From this net we get a fantastic weather report from Don on Summer
Passage. He is an amateur and reminds us of this each day before he
gives the weather report, but has gotten it correct EVERY time we have
listened to him! Can you tell we live by the weather here. After the
radio nets, we pick up our email, also by the HAM radio. About this
time Jill has made breakfast. By now, it's about 10 AM and we do a boat
project or two. This can be making water, cleaning a storage locker, or
fixing something that may be broken, washing clothes. It's then about
time for lunch and a nap. This cruising is hard work you know? GRIN
About 2 or so, we head into the water snorkeling. If Greg caught fish
before 7:30, he takes the underwater camera.
If not, he takes the pole
spear and catch bag. By about 4:30 PM or so, it's fish cleaning time,
then dinner. Often, after that we get together with another boat for a
"Sundowner" and chat. Or a movie (DVD on the computer). Then we
watch the stars until it's time to close our eyes. We have
lots of time to
read that pile of books we brought from home where we never had time to
read them. That's about how our days have been going now that we
are out of the marinas.
Now to get back to our travels, we took a two day road trip up the Baja
to visit Santa Rosalia and Mulege. We will not have time to sail
up
this far before we need to be back in La Paz. We stayed over
night in Santa Rosalia and enjoyed air conditioning for the first time
in a long
time. It was heavenly. Here in the Sea this year it has
been unusually humid and we spend days at a time with our bodies
damp. We get out of
the water and try to dry off but begin to perspire immediately. In
Santa Rosalia, we had the best hot dog ever! It was a hot dog
wrapped in bacon and fried in bacon fat served on a slightly sweet bun
with onions, mustard, ketchup, crema, and salsa.
This little cart
sales about 1000 of these each night and he doesn't open until 7:00
P.M. He parks right across the street from the church. This
town at one time had a very strong French presents here. The
church was designed by Carl Gustaf Eiffel.
It was displayed along
with the Eiffel Tower at the Paris Exposition in 1889, then taken apart
and reassembled in Santa Rosalia. It is very different looking
and after all this time, it still looks very modern.

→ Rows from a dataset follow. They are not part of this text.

(* Let $D\ge2$ be square-free, $K=\mathbb{Q}(\sqrt D)$ with ring of integers $\mathbb{Z}_K$, and let $u_D$ be defined as follows: fix the real embedding with $\sqrt D>0$, let $u_f$ be the fundamental unit of $K$ that is $>1$ under it, and set $u_D=u_f^2$ if $u_f$ has norm $-1$ and $u_D=u_f$ otherwise. For $r\ge1$ let $d_r=1+u_D^r+u_D^{-r}\in\mathbb{Z}$, and let $d_r'=d_r$ if $d_r$ is odd and $d_r'=2d_r$ if $d_r$ is even. Then the multiplicative order of $u_D$ in $(\mathbb{Z}_K/d_r'\mathbb{Z}_K)^\times$ is $3r\,\frac{d_r'}{d_r}$; that is, it is $3r$ if $d_r$ is odd and $6r$ if $d_r$ is even. *)

theory Defs
  imports Complex_Main "HOL-Computational_Algebra.Polynomial" "HOL-Computational_Algebra.Squarefree"
begin

text \<open>We work inside the real numbers, via the real embedding of K = Q(sqrt D)
  with sqrt D > 0.\<close>

definition qfield :: "nat \<Rightarrow> real set" where
  "qfield D = {x. \<exists>p q. p \<in> \<rat> \<and> q \<in> \<rat> \<and> x = p + q * sqrt (real D)}"

definition alg_int :: "real \<Rightarrow> bool" where
  "alg_int x \<longleftrightarrow> (\<exists>p :: int poly. lead_coeff p = 1 \<and> poly (map_poly real_of_int p) x = 0)"

definition ring_of_ints :: "nat \<Rightarrow> real set" where
  "ring_of_ints D = {x \<in> qfield D. alg_int x}"

definition qconj :: "nat \<Rightarrow> real \<Rightarrow> real" where
  "qconj D x = (THE y. \<exists>p q. p \<in> \<rat> \<and> q \<in> \<rat> \<and> x = p + q * sqrt (real D) \<and> y = p - q * sqrt (real D))"

definition qnorm :: "nat \<Rightarrow> real \<Rightarrow> real" where
  "qnorm D x = x * qconj D x"

definition qunits :: "nat \<Rightarrow> real set" where
  "qunits D = {x \<in> ring_of_ints D. x \<noteq> 0 \<and> inverse x \<in> ring_of_ints D}"

definition fund_unit :: "nat \<Rightarrow> real" where
  "fund_unit D = (LEAST u. u \<in> qunits D \<and> u > 1)"

definition uD :: "nat \<Rightarrow> real" where
  "uD D = (if qnorm D (fund_unit D) = -1 then (fund_unit D)^2 else fund_unit D)"

text \<open>d_r = 1 + u_D^r + u_D^(-r), an integer.\<close>
definition d_r :: "nat \<Rightarrow> nat \<Rightarrow> int" where
  "d_r D r = \<lfloor>1 + uD D ^ r + inverse (uD D) ^ r\<rfloor>"

definition d_r' :: "nat \<Rightarrow> nat \<Rightarrow> int" where
  "d_r' D r = (if odd (d_r D r) then d_r D r else 2 * d_r D r)"

definition cong_OK :: "nat \<Rightarrow> int \<Rightarrow> real \<Rightarrow> real \<Rightarrow> bool" where
  "cong_OK D m x y \<longleftrightarrow> (x - y) / real_of_int m \<in> ring_of_ints D"

definition ord_mod :: "nat \<Rightarrow> int \<Rightarrow> real \<Rightarrow> nat" where
  "ord_mod D m x = (LEAST n::nat. n > 0 \<and> cong_OK D m (x ^ n) 1)"

end

theory Submission
  imports Defs "HOL-Analysis.Kronecker_Approximation_Theorem"
begin

text \<open>Put \<open>v = u\<^sub>D\<^sup>r\<close>. Since \<open>v\<close> has norm 1, its conjugate is \<open>v\<^sup>-\<^sup>1\<close>, so \<open>d\<^sub>r = 1 + v + v\<^sup>-\<^sup>1\<close> satisfies
  \<open>d\<^sub>r v = v\<^sup>2 + v + 1\<close> and hence \<open>v\<^sup>3 - 1 = d\<^sub>r v (v - 1) \<equiv> 0\<close> modulo \<open>d\<^sub>r\<close>. Conversely, if
  \<open>u\<^sub>D\<^sup>n \<equiv> 1\<close> modulo \<open>d\<^sub>r\<close> with \<open>0 < n < 2r\<close>, then \<open>(u\<^sub>D\<^sup>n - 1)/d\<^sub>r\<close> would be an integer of norm
  \<open>(2 - u\<^sub>D\<^sup>n - u\<^sub>D\<^sup>-\<^sup>n)/d\<^sub>r\<^sup>2\<close>, which lies strictly between \<open>-1\<close> and \<open>0\<close>; so the order is \<open>3r\<close>.
  For even \<open>d\<^sub>r\<close>, squaring \<open>v\<^sup>3 = 1 + d\<^sub>r y\<close> gives \<open>v\<^sup>6 \<equiv> 1\<close> modulo \<open>2d\<^sub>r\<close>, while \<open>v\<^sup>3 \<equiv> 1\<close> modulo
  \<open>2d\<^sub>r\<close> would make \<open>(v - 1)/2\<close> integral and \<open>4\<close> divide the odd number \<open>N(v - 1) = 3 - d\<^sub>r\<close>.

  Integrality in \<open>\<rat>(\<surd>D)\<close> is decided by trace and norm (Gauss' lemma), and the fundamental unit
  exists because Pell's equation is solvable, by pigeonholing Dirichlet approximations of \<open>\<surd>D\<close>.\<close>

section \<open>Monic factors of monic integer polynomials\<close>

lemma rat_poly_common_denominator:
  fixes f :: "rat poly"
  obtains a :: int and A :: "int poly" where "a > 0" "map_poly of_int A = smult (of_int a) f"
proof (induction f arbitrary: thesis)
  case 0
  show ?case by (rule 0[of 1 0]) simp_all
next
  case (pCons c f)
  obtain a A where aA: "a > 0" "map_poly of_int A = smult (of_int a) f"
    using pCons.IH by blast
  obtain n k where nk: "quotient_of c = (n, k)" by (cases "quotient_of c")
  have k: "k > 0" and c: "c = of_int n / of_int k"
    using quotient_of_denom_pos[OF nk] quotient_of_div[OF nk] by auto
  show ?case
  proof (rule pCons.prems)
    show "a * k > 0" using aA k by simp
    show "map_poly of_int (pCons (n * a) (smult k A)) = smult (of_int (a * k)) (pCons c f)"
      using aA k c by (simp add: map_poly_pCons map_poly_smult mult.commute)
  qed
qed

lemma map_poly_of_int_mult:
  "(map_poly of_int (A * B) :: 'a::comm_ring_1 poly) = map_poly of_int A * map_poly of_int B"
  by (simp add: poly_eq_iff coeff_map_poly coeff_mult)

lemma lead_coeff_map_poly_of_int:
  "lead_coeff (map_poly of_int A :: 'a::{comm_ring_1,ring_char_0} poly) = of_int (lead_coeff A)"
  by (simp add: degree_map_poly coeff_map_poly)

lemma content_int_poly_nonneg: "Polynomial.content (p :: int poly) \<ge> 0"
  by (metis normalize_content normalize_int_def abs_ge_zero)

lemma content_le_lead_coeff:
  fixes p :: "int poly"
  assumes "lead_coeff p > 0"
  shows "Polynomial.content p \<le> lead_coeff p"
  using zdvd_imp_le[OF content_dvd_coeff assms] .

text \<open>Clearing denominators, \<open>a f\<close> and \<open>b g\<close> become integer polynomials whose
  contents are at most their leading coefficients \<open>a\<close>, \<open>b\<close>, while the product of the contents
  is \<open>a b\<close>; so the content of \<open>a f\<close> is exactly \<open>a\<close>.\<close>

lemma monic_factor_of_monic_int_poly_coeff_Ints:
  fixes f g :: "rat poly" and P :: "int poly"
  assumes fg: "f * g = map_poly of_int P" and f_monic: "lead_coeff f = 1" and P_monic: "lead_coeff P = 1"
  shows "coeff f i \<in> \<int>"
proof -
  have g_monic: "lead_coeff g = 1"
    using arg_cong[OF fg, of lead_coeff] f_monic P_monic
    by (simp add: lead_coeff_mult lead_coeff_map_poly_of_int)
  obtain a A where a: "a > 0" and A: "map_poly of_int A = smult (of_int a) f"
    by (rule rat_poly_common_denominator)
  obtain b B where b: "b > 0" and B: "map_poly of_int B = smult (of_int b) g"
    by (rule rat_poly_common_denominator)
  have "(map_poly of_int (A * B) :: rat poly) = map_poly of_int (smult (a * b) P)"
    by (simp add: map_poly_of_int_mult A B map_poly_smult fg[symmetric] mult_ac)
  hence "A * B = smult (a * b) P"
    by (simp add: poly_eq_iff coeff_map_poly flip: of_int_mult)
  moreover have "Polynomial.content P = 1"
    using content_dvd_coeff[of P "degree P"] P_monic content_int_poly_nonneg[of P]
    by simp
  ultimately have contents: "Polynomial.content A * Polynomial.content B = a * b"
    using a b by (simp add: content_mult[symmetric])
  have lead_A: "lead_coeff A = a" and lead_B: "lead_coeff B = b"
    using arg_cong[OF A, of lead_coeff] arg_cong[OF B, of lead_coeff] f_monic g_monic a b
    by (simp_all add: lead_coeff_map_poly_of_int)
  have "Polynomial.content A \<le> a" "Polynomial.content B \<le> b"
    using content_le_lead_coeff[of A] content_le_lead_coeff[of B] lead_A lead_B a b by simp_all
  hence "Polynomial.content A = a"
    using contents content_int_poly_nonneg[of A] content_int_poly_nonneg[of B] a b
    by (smt (verit) mult_left_mono mult_strict_right_mono)
  then obtain k where k: "coeff A i = a * k"
    using content_dvd_coeff[of A i] by (metis dvdE)
  have "rat_of_int (coeff A i) = of_int a * coeff f i"
    using arg_cong[OF A, of "\<lambda>p. coeff p i"] by (simp add: coeff_map_poly)
  hence "coeff f i = of_int k" using k a by simp
  thus ?thesis by simp
qed

lemma map_poly_of_rat_add:
  "(map_poly of_rat (A + B) :: 'a::field_char_0 poly) = map_poly of_rat A + map_poly of_rat B"
  by (simp add: poly_eq_iff coeff_map_poly of_rat_add)

lemma map_poly_of_rat_mult:
  "(map_poly of_rat (A * B) :: 'a::field_char_0 poly) = map_poly of_rat A * map_poly of_rat B"
  by (simp add: poly_eq_iff coeff_map_poly coeff_mult of_rat_sum of_rat_mult)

The town of Mulege looks like an oasis. It has lots of palm trees
and is very green. It has a river that runs to the sea. Greg
thinks we can
get our boat into the mouth of the river. Next year we will see.
As of this writing, we just got back into Escondido, from an overnight
trip to Candeleros Chico, and picked up a mooring. The one we are on is
designed for a 60 foot boat. That makes us feel secure. Today is
October 1, and we are sitting here all buttoned up waiting for
Hurricane Otis
to go by us. It is supposed to go by on the outside (Pacific side) of
the Baja, but one never knows! So, wish us luck, and check back to see
if we are still here day after tomorrow.